Por José de Alencar (1864)

Ela tinha deixado cair a xícara de propósito; mas naquela ocasião estava bem longe de suspeitá-lo. Lancei toda a culpa sobre mim; e tive-me em conta do maior desastrado. 

Procurei-a: já tinha partido. Na próxima quinta-feira, logo que cheguei, dirigi-me a ela para lhe pedir perdão de minha inadvertência: 

—Peço-lhe mil desculpas, minha senhora, pelo que sucedeu! —Quando? —Quinta-feira passada. 

—Não me lembro. 

—Aquela minha distração de deixar cair a xícara... 

—Ah! foi o senhor?... Nem reparei! disse-me com a maior indiferença. 

Esta palavra me ofendeu mais que tudo quanto me tinha feito essa moça. Nem sequer com seu ódio ela se dignava me distinguir! De dia em dia a sua aversão tornou-se mais clara. Ela procurava sempre esquivarse ao meu cumprimento, e quando de todo não podia evitá-lo, recebia com fria altivez. Se estava ao piano e eu chegava, erguia-se, deixando suspensos os que a ouviam tocar ou cantar. Inventava então qualquer dos pretextos em que era fértil seu espirito vivaz; porém o verdadeiro motivo deixava-o bem transparente. Se eu me aproximava do círculo onde ela conversava, chamado por alguma palavra amável de D. Leocádia, calava-se imediatamente, e no primeiro momento favorável eclipsava-se. 

Duas ou três vezes, chegando à casa de D. Matilde, achei-a entretida a brincar com a prima e algumas amigas. Vendo-me entrar na sala, levantou-se bruscamente, e despediu-se das outras, surpresas: 

—Adeus! Adeus!... Vamos, Geraldo! Tomava o chapéu; o irmão contrariado a seguia; entravam no carro, e partiam para a chácara, apesar de ter ela prometido passar o dia com Julinha, e serem já horas do jantar. 

Tudo isso me convenceu afinal que o procedimento de Emília não era filho de uma simples antipatia, mas de um propósito firme de humilhar-me. 

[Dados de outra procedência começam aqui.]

lemma row_sum_decrement:
  assumes "1 \<le> e (a, b)"
  shows "row_sum (e((a, b) := e (a, b) - 1)) = (row_sum e)(a := row_sum e a - 1)"
proof
  fix a'
  show "row_sum (e((a, b) := e (a, b) - 1)) a' = ((row_sum e)(a := row_sum e a - 1)) a'"
  proof (cases "a' = a")
    case True
    have "row_sum (e((a, b) := e (a, b) - 1)) a = (\<Sum>b'\<in>UNIV. ((\<lambda>b'. e (a, b'))(b := e (a, b) - 1)) b')"
      unfolding row_sum_def by (intro sum.cong) auto
    with True show ?thesis
      using sum_fun_upd_decrement[of "\<lambda>b'. e (a, b')" b] assms by (simp add: row_sum_def)
  qed (simp add: row_sum_def)
qed

lemma col_sum_decrement:
  assumes "1 \<le> e (a, b)"
  shows "col_sum (e((a, b) := e (a, b) - 1)) = (col_sum e)(b := col_sum e b - 1)"
proof
  fix b'
  show "col_sum (e((a, b) := e (a, b) - 1)) b' = ((col_sum e)(b := col_sum e b - 1)) b'"
  proof (cases "b' = b")
    case True
    have "col_sum (e((a, b) := e (a, b) - 1)) b = (\<Sum>a'\<in>UNIV. ((\<lambda>a'. e (a', b))(a := e (a, b) - 1)) a')"
      unfolding col_sum_def by (intro sum.cong) auto
    with True show ?thesis
      using sum_fun_upd_decrement[of "\<lambda>a'. e (a', b)" a] assms by (simp add: col_sum_def)
  qed (simp add: col_sum_def)
qed

lemma bicomp_perms_decrement:
  assumes "1 \<le> e (a, b)"
  shows "bicomp_perms e * real (e (a, b))
       = bicomp_perms (e((a, b) := e (a, b) - 1)) * real (row_sum e a) * real (col_sum e b)"
proof -
  let ?e' = "e((a, b) := e (a, b) - 1)"
  have "1 \<le> row_sum e a" "1 \<le> col_sum e b"
    using assms entry_le_row_sum[of e a b] entry_le_col_sum[of e a b] by linarith+
  then have rows: "(\<Prod>a\<in>UNIV. fact (row_sum e a) :: real) = real (row_sum e a) * (\<Prod>a\<in>UNIV. fact (row_sum ?e' a))"
    and cols: "(\<Prod>b\<in>UNIV. fact (col_sum e b) :: real) = real (col_sum e b) * (\<Prod>b\<in>UNIV. fact (col_sum ?e' b))"
    unfolding row_sum_decrement[of e, OF assms] col_sum_decrement[of e, OF assms]
    by (simp_all add: prod_fact_fun_upd_decrement)
  have entries: "(\<Prod>p\<in>UNIV. fact (e p) :: real) = real (e (a, b)) * (\<Prod>p\<in>UNIV. fact (?e' p))"
    using prod_fact_fun_upd_decrement[of e "(a, b)"] assms by simp
  have "(\<Prod>p\<in>UNIV. fact (?e' p) :: real) \<noteq> 0"
    by simp
  then show ?thesis
    using assms unfolding bicomp_perms_def rows cols entries by (simp add: field_simps)
qed

lemma card_less_Suc_conj:
  "card {i. i < Suc n \<and> P i} = card {i. i < n \<and> P i} + of_bool (P n)"
proof -
  have "{i. i < Suc n \<and> P i} = {i. i < n \<and> P i} \<union> (if P n then {n} else {})"
    by (auto simp: less_Suc_eq)
  then show ?thesis
    by (auto simp: card_insert_if)
qed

Parecia um sistema de perseguição acintosa. O instinto da defesa acordou em mim, e com ele o desejo da vingança. De longe e disfarçadamente comecei a estudar essa moça, resolvido a descobrir o seu ponto vulnerável. 

Desde que a Duarteazinha, como a chamavam nos salões, apareceu nas reuniões de D. Matílde, foi logo cercada por uma multidão de admiradores. Sua nobre altivez os mantinha em respeitosa distância. Ela conservava sempre na sala, como na intimidade, um mimo de orgulhosa esquivança, que afastava sem ofender. 

Quando porém algum mais apaixonado ou menos perspicaz de seus admiradores, ousava transpor aquela régia altivez e casta auréola em que ela resplandecia, então sua cólera revestia certa majestade olímpia que fulminava. 

Emília não valsava; nunca nos bailes ela consentiu que o braço de um homem lhe cingisse o talhe. Na contradança as pontas dos seus dedos afilados, sempre calçados nas luvas, apenas roçavam a palma do cavalheiro: o mesmo era quando aceitava o braço de alguém. 

Bem diferente nisso de certas moças que passeiam nas salas reclinadas ao peito de seus pares, Emília não consentia que a manga de uma casaca roçasse nem de leve as rendas do seu decote. 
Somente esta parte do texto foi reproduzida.